Well, in either case... it got me thinking that maybe, a few years down the line when I've edited the thing to a place of satisfaction... mayhaps I could get Richard Moll to perform the Harvey Dent novel on tape.

(Yes, yes, [livejournal.com profile] bloo_mountain, I'll track down Mark Hamill and try to get him to do a cameo as well; at that point, shit, why don't I just go and get Bob Hastings and Kevin Conroy to play Jim and Bruce and I can just relive my entire childhood. I'm cool with that.)

Whether or not I can ever get DC to publish the Harvey Dent novel, the thought of Richard Moll performing the entire book from Harvey's perspective(s)... I don't care if it's fanboy wankery, it gives me chills.

Hey, if some film school brat can get Adam West, Mark Hamill, Courtney Thorne Smith, and Dick Van Dyke to voice a short animated Batman film, and if [livejournal.com profile] entropicalia can hire the lead singer of the Verve Pipe to come perform at her home, why the hell not?
thehefner: (Curse you Richards Kitty!)
Goddamnit. I shouldn't have read the book of FIRST BLOOD before seeing the movie version. )

Ever have that experience, where you can't separate the book from the film, even when the film is actually pretty good in its own right? That you could really enjoy the movie if you hadn't read the book first? I sometimes wonder if that's the way I should have handled V FOR VENDETTA.

Man, I dunno why I should get worked up over this. It's bloody Rambo, for god's sake. I'm gonna go read more POPEYE, that'll chill me out.
thehefner: (Doc Ock)
GHOSTBUSTERS III is finally happening.

As a video game.

...

Now, bear in mind, last we heard, Aykroyd was saying it was gonna be a CGI film. Which was a "... huh" prospect in of itself. So I can see the logical progression of how it got to this point.

And it's still going to be fully scripted by Aykroyd and Ramis. To which many will instantly go, "Psh, yeah, they wrote GHOSTBUSTERS. But you know what else they wrote? GHOSTBUSTERS II." To which I can only eloquently respond, fuck you, GHOSTBUSTERS II was great.

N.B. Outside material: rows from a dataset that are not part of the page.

(* Let $(F_n)_{n\ge0}$ be the Fibonacci sequence ($F_0=0$, $F_1=1$, $F_{n+2}=F_{n+1}+F_n$) and $\Phi=(1+\sqrt5)/2$. For every fixed positive integer $m$, \[\log\mathrm{lcm}(F_n,F_{n+1},\dots,F_{n+m})\sim n(m+1)\log\Phi\quad\text{as } n\to+\infty.\] *)

theory Defs
  imports "HOL-Analysis.Analysis" "HOL-Number_Theory.Fib" "HOL-Library.Landau_Symbols"
begin

definition golden_ratio :: real where
  "golden_ratio = (1 + sqrt 5) / 2"

end

theory Submission
  imports Defs "HOL-Computational_Algebra.Factorial_Ring"
begin

(* Both ln (F_n \<cdot> ... \<cdot> F_(n+m)) and ln lcm(F_n, ..., F_(n+m)) equal n (m+1) ln \<Phi> + O(1).
   For the product this follows from \<Phi>^(i-2) \<le> F_i \<le> \<Phi>^(i-1). The lcm divides the product,
   and conversely the product divides C_m \<cdot> lcm with C_m independent of n: adjoining F_(n+k+1)
   multiplies the lcm by F_(n+k+1) / gcd(F_(n+k+1), lcm), and this gcd divides F_1 \<cdot> ... \<cdot> F_(k+1)
   because gcd(F_j, F_i) = F_gcd(j,i) divides F_(j-i). *)

lemma golden_ratio_gt_1: "golden_ratio > 1"
  by (simp add: golden_ratio_def)

lemma golden_ratio_power_Suc_Suc:
  "golden_ratio ^ Suc (Suc n) = golden_ratio ^ Suc n + golden_ratio ^ n"
proof -
  have "golden_ratio\<^sup>2 = golden_ratio + 1"
    by (simp add: golden_ratio_def power2_eq_square field_simps)
  then have "golden_ratio ^ n * golden_ratio\<^sup>2 = golden_ratio ^ n * (golden_ratio + 1)"
    by simp
  then show ?thesis
    by (simp add: algebra_simps power2_eq_square)
qed

lemma fib_Suc_le_golden_ratio_power: "real (fib (Suc n)) \<le> golden_ratio ^ n"
proof (induction n rule: fib.induct)
  case 2
  show ?case using golden_ratio_gt_1 by simp
next
  case (3 n)
  have "real (fib (Suc (Suc (Suc n)))) = real (fib (Suc (Suc n))) + real (fib (Suc n))"
    by (metis fib.simps(3) of_nat_add)
  with 3 show ?case
    unfolding golden_ratio_power_Suc_Suc by linarith
qed simp

lemma golden_ratio_power_le_fib: "golden_ratio ^ n \<le> real (fib (Suc (Suc n)))"
proof (induction n rule: fib.induct)
  case 2
  have "sqrt 5 \<le> 3" by (rule real_le_lsqrt) auto
  then show ?case by (simp add: golden_ratio_def numeral_eq_Suc)
next
  case (3 n)
  have "real (fib (Suc (Suc (Suc (Suc n))))) = real (fib (Suc (Suc (Suc n)))) + real (fib (Suc (Suc n)))"
    by (metis fib.simps(3) of_nat_add)
  with 3 show ?case
    unfolding golden_ratio_power_Suc_Suc by linarith
qed simp

lemma ln_fib_approx:
  assumes "i > 0"
  shows "\<bar>ln (real (fib i)) - real i * ln golden_ratio\<bar> \<le> 2 * ln golden_ratio"
proof -
  have pos: "real (fib i) > 0" using assms by (simp add: fib_neq_0_nat)
  have "ln (real (fib i)) \<le> ln (golden_ratio ^ (i - 1))"
    using fib_Suc_le_golden_ratio_power[of "i - 1"] assms pos by simp
  moreover have "ln (golden_ratio ^ (i - 2)) \<le> ln (real (fib i))" if "i \<ge> 2"
    using golden_ratio_power_le_fib[of "i - 2"] that pos golden_ratio_gt_1
    by (simp add: numeral_2_eq_2 Suc_diff_Suc)
  ultimately show ?thesis
    using assms golden_ratio_gt_1
    by (cases "i = 1") (auto simp: ln_realpow of_nat_diff algebra_simps)
qed

lemma gcd_Lcm_distrib:
  fixes x :: "'a :: factorial_semiring_gcd"
  assumes "finite A"
  shows "gcd x (Lcm A) = Lcm (gcd x ` A)"
  using assms by (induction A rule: finite_induct) (simp_all add: gcd_lcm_distrib)

lemma fib_dvd_fib:
  assumes "d dvd m"
  shows "fib d dvd fib m"
proof -
  have "fib d = gcd (fib d) (fib m)"
    using assms by (simp add: fib_gcd[symmetric] gcd_nat.absorb1)
  then show ?thesis
    by (metis gcd_dvd2)
qed

lemma gcd_fib_dvd_prod_fib:
  assumes "i < j" "j - i \<le> k"
  shows "gcd (fib j) (fib i) dvd (\<Prod>d\<in>{1..k}. fib d)"
proof -
  have "gcd j i dvd j - i"
    by (simp add: dvd_diff_nat)
  then have "gcd (fib j) (fib i) dvd fib (j - i)"
    unfolding fib_gcd[symmetric] by (rule fib_dvd_fib)
  also have "fib (j - i) dvd (\<Prod>d\<in>{1..k}. fib d)"
    using assms by (intro dvd_prodI) auto
  finally show ?thesis .
qed

lemma prod_fib_dvd_Lcm_fib:
  "(\<Prod>i\<in>{n..n+k}. fib i) dvd (\<Prod>j\<in>{1..k}. \<Prod>d\<in>{1..j}. fib d) * Lcm (fib ` {n..n+k})"
proof (induction k)
  case (Suc k)
  define a where "a = fib (n + Suc k)"
  define L where "L = Lcm (fib ` {n..n+k})"
  define P where "P = (\<Prod>d\<in>{1..Suc k}. fib d)"
  define C where "C = (\<Prod>j\<in>{1..k}. \<Prod>d\<in>{1..j}. fib d)"
  have range: "{n..n + Suc k} = insert (n + Suc k) {n..n+k}"
    by auto
  have "gcd a L = Lcm (gcd a ` fib ` {n..n+k})"
    unfolding L_def by (simp add: gcd_Lcm_distrib)
  also have "\<dots> dvd P"
  proof (rule Lcm_least)
    fix b assume "b \<in> gcd a ` fib ` {n..n+k}"
    then obtain i where "i \<in> {n..n+k}" "b = gcd (fib (n + Suc k)) (fib i)"
      unfolding a_def by auto
    then show "b dvd P"
      unfolding P_def using gcd_fib_dvd_prod_fib[of i "n + Suc k" "Suc k"] by auto
  qed
  finally have gcd_dvd: "gcd a L dvd P" .
  have "(\<Prod>i\<in>{n..n + Suc k}. fib i) = a * (\<Prod>i\<in>{n..n+k}. fib i)"
    unfolding range a_def by simp
  also have "\<dots> dvd a * (C * L)"
    using Suc.IH unfolding C_def L_def by simp
  also have "a * (C * L) = C * (gcd a L * lcm a L)"
    by (simp add: mult_ac)
  also have "\<dots> dvd C * (P * lcm a L)"
    using gcd_dvd by (intro mult_dvd_mono) auto
  also have "\<dots> = (\<Prod>j\<in>{1..Suc k}. \<Prod>d\<in>{1..j}. fib d) * Lcm (fib ` {n..n + Suc k})"
    unfolding C_def P_def a_def L_def range by (simp add: mult_ac)
  finally show ?case .
qed simp

lemma ln_prod_fib_approx:
  assumes "n > 0"
  shows "\<bar>ln (real (\<Prod>i\<in>{n..n+m}. fib i)) - real n * real (m + 1) * ln golden_ratio\<bar>
           \<le> real (m + 1) * real (m + 2) * ln golden_ratio"
proof -
  define c where "c = ln golden_ratio"
  have term_bound: "\<bar>ln (real (fib i)) - real n * c\<bar> \<le> real (m + 2) * c"
    if "i \<in> {n..n+m}" for i
  proof -
    have "\<bar>ln (real (fib i)) - real i * c\<bar> \<le> 2 * c"
      using ln_fib_approx[of i] that assms unfolding c_def by simp
    moreover have "0 \<le> (real i - real n) * c" "(real i - real n) * c \<le> real m * c"
      using that golden_ratio_gt_1 unfolding c_def by (auto intro: mult_right_mono)
    ultimately show ?thesis
      by (simp add: algebra_simps abs_le_iff)
  qed
  have "ln (real (\<Prod>i\<in>{n..n+m}. fib i)) - real n * real (m + 1) * c
          = (\<Sum>i\<in>{n..n+m}. ln (real (fib i)) - real n * c)"
    using assms by (subst of_nat_prod, subst ln_prod) (auto simp: fib_neq_0_nat sum_subtractf)
  also have "\<bar>\<dots>\<bar> \<le> (\<Sum>i\<in>{n..n+m}. real (m + 2) * c)"
    by (rule order_trans[OF sum_abs sum_mono]) (rule term_bound)
  finally show ?thesis
    unfolding c_def by simp
qed

lemma ln_Lcm_fib_bounds:
  fixes n m :: nat
  assumes "n > 0"
  defines "P \<equiv> \<Prod>i\<in>{n..n+m}. fib i"
    and "L \<equiv> Lcm (fib ` {n..n+m})"
    and "C \<equiv> \<Prod>j\<in>{1..m}. \<Prod>d\<in>{1..j}. fib d"
  shows "ln (real L) \<le> ln (real P)" "ln (real P) \<le> ln (real C) + ln (real L)"
proof -
  have "P > 0" "C > 0"
    using assms(1) unfolding P_def C_def by (auto intro!: prod_pos fib_neq_0_nat)
  moreover have "L dvd P"
    unfolding L_def P_def by (rule Lcm_least) (auto intro: dvd_prodI)
  moreover have "P dvd C * L"
    unfolding P_def C_def L_def by (rule prod_fib_dvd_Lcm_fib)
  ultimately have "L > 0" "L \<le> P" "P \<le> C * L"
    by (auto intro!: dvd_imp_le Nat.gr0I)
  moreover have "ln (real C) + ln (real L) = ln (real (C * L))"
    using \<open>C > 0\<close> \<open>L > 0\<close> by (simp add: ln_mult)
  ultimately show "ln (real L) \<le> ln (real P)" "ln (real P) \<le> ln (real C) + ln (real L)"
    using \<open>P > 0\<close> by (simp_all only: ln_le_cancel_iff of_nat_0_less_iff of_nat_le_iff mult_pos_pos)
qed

lemma asymp_equiv_if_bounded_diff:
  fixes f g :: "'a \<Rightarrow> real"
  assumes "filterlim g at_top F" "eventually (\<lambda>x. \<bar>f x - g x\<bar> \<le> K) F"
  shows "f \<sim>[F] g"
proof (rule smallo_imp_asymp_equiv)
  have "(\<lambda>x. f x - g x) \<in> O[F](\<lambda>_. 1)"
    using assms(2) by (intro bigoI[of _ K]) simp
  moreover have "(\<lambda>_. 1) \<in> o[F](g)"
    using assms(1) by (simp flip: smallomega_iff_smallo add: smallomega_1_conv_filterlim
        filterlim_at_top_imp_at_infinity)
  ultimately show "(\<lambda>x. f x - g x) \<in> o[F](g)"
    by (rule landau_o.big_small_trans)
qed

theorem corollary3:
  fixes m :: nat
  assumes "m > 0"
  shows "(\<lambda>n. ln (real (Lcm (fib ` {n..n+m}))))
           \<sim>[at_top] (\<lambda>n. real n * real (m + 1) * ln golden_ratio)"
proof (rule asymp_equiv_if_bounded_diff)
  define C where "C = (\<Prod>j\<in>{1..m}. \<Prod>d\<in>{1..j}. fib d)"
  show "eventually (\<lambda>n. \<bar>ln (real (Lcm (fib ` {n..n+m}))) - real n * real (m + 1) * ln golden_ratio\<bar>
          \<le> ln (real C) + real (m + 1) * real (m + 2) * ln golden_ratio) at_top"
    using eventually_gt_at_top[of 0]
  proof eventually_elim
    case (elim n)
    show ?case
      using ln_Lcm_fib_bounds[OF elim, of m] ln_prod_fib_approx[OF elim, of m]
      unfolding C_def by (simp add: abs_le_iff)
  qed
  have "filterlim (\<lambda>n. real n * (real (m + 1) * ln golden_ratio)) at_top at_top"
    using golden_ratio_gt_1
    by (intro filterlim_at_top_mult_tendsto_pos[OF tendsto_const] filterlim_real_sequentially) auto
  then show "filterlim (\<lambda>n. real n * real (m + 1) * ln golden_ratio) at_top at_top"
    by (simp add: mult.assoc)
qed

end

But what really concerns me about a GHOSTBUSTERS video game is that... well, [livejournal.com profile] themadhatter26, just what is the success rate for franchise-based video games? This one could have a brilliant script, but with games, there are so many other factors to consider. My immediate reaction is unhappy doubtful pessimism. Aykroyd and Ramis are claiming to be involved in this game far more intimately than most other non-game creators in their franchise games. But will that help the gameplay at all? Of course not.

Don't get me wrong. Before Bill the Butcher, Harvey Dent, Hal Jordan, and Otto Octavius, my first childhood love and obsession was GHOSTBUSTERS. Particularly Egon, for some reason. I still have the firehouse playset, and will not be throwing it out. I want this to rock my socks.

And yet, regardless of all this, there's one thing this game will have that is cause for great celebration. And it's not just the fact that Aykroyd, Ramis, Murray (hopefully not phoning it in), Annie Potts, and MAN-GOD ERNIE FUCKING HUDSON are reuniting to do their voices. That's all squee-inducing and marvelous, yes. But one name rises above them all. A name still whispered in the darkest corners of the 1980's:

WILLIAM. "BITCHES." ATHERTON.

Yes, this hearlds the glorious return--if only in voice and CGI likeness--of the only man to beat Joe "CHOKE ON 'EM" Pilato for the title of Greatest Dick In Genre Cinema for his immortal roles in DIE HARD, REAL GENIUS, and, of course, GHOSTBUSTERS (as Peck, but more commonly know as "Pencil Neck" and "Dickless"; I've since just called "Pencil Dick," and everyone immediately know who I'm talking about, hehehe).

This game now has an obligation to Zuul him/herself NOT to suck.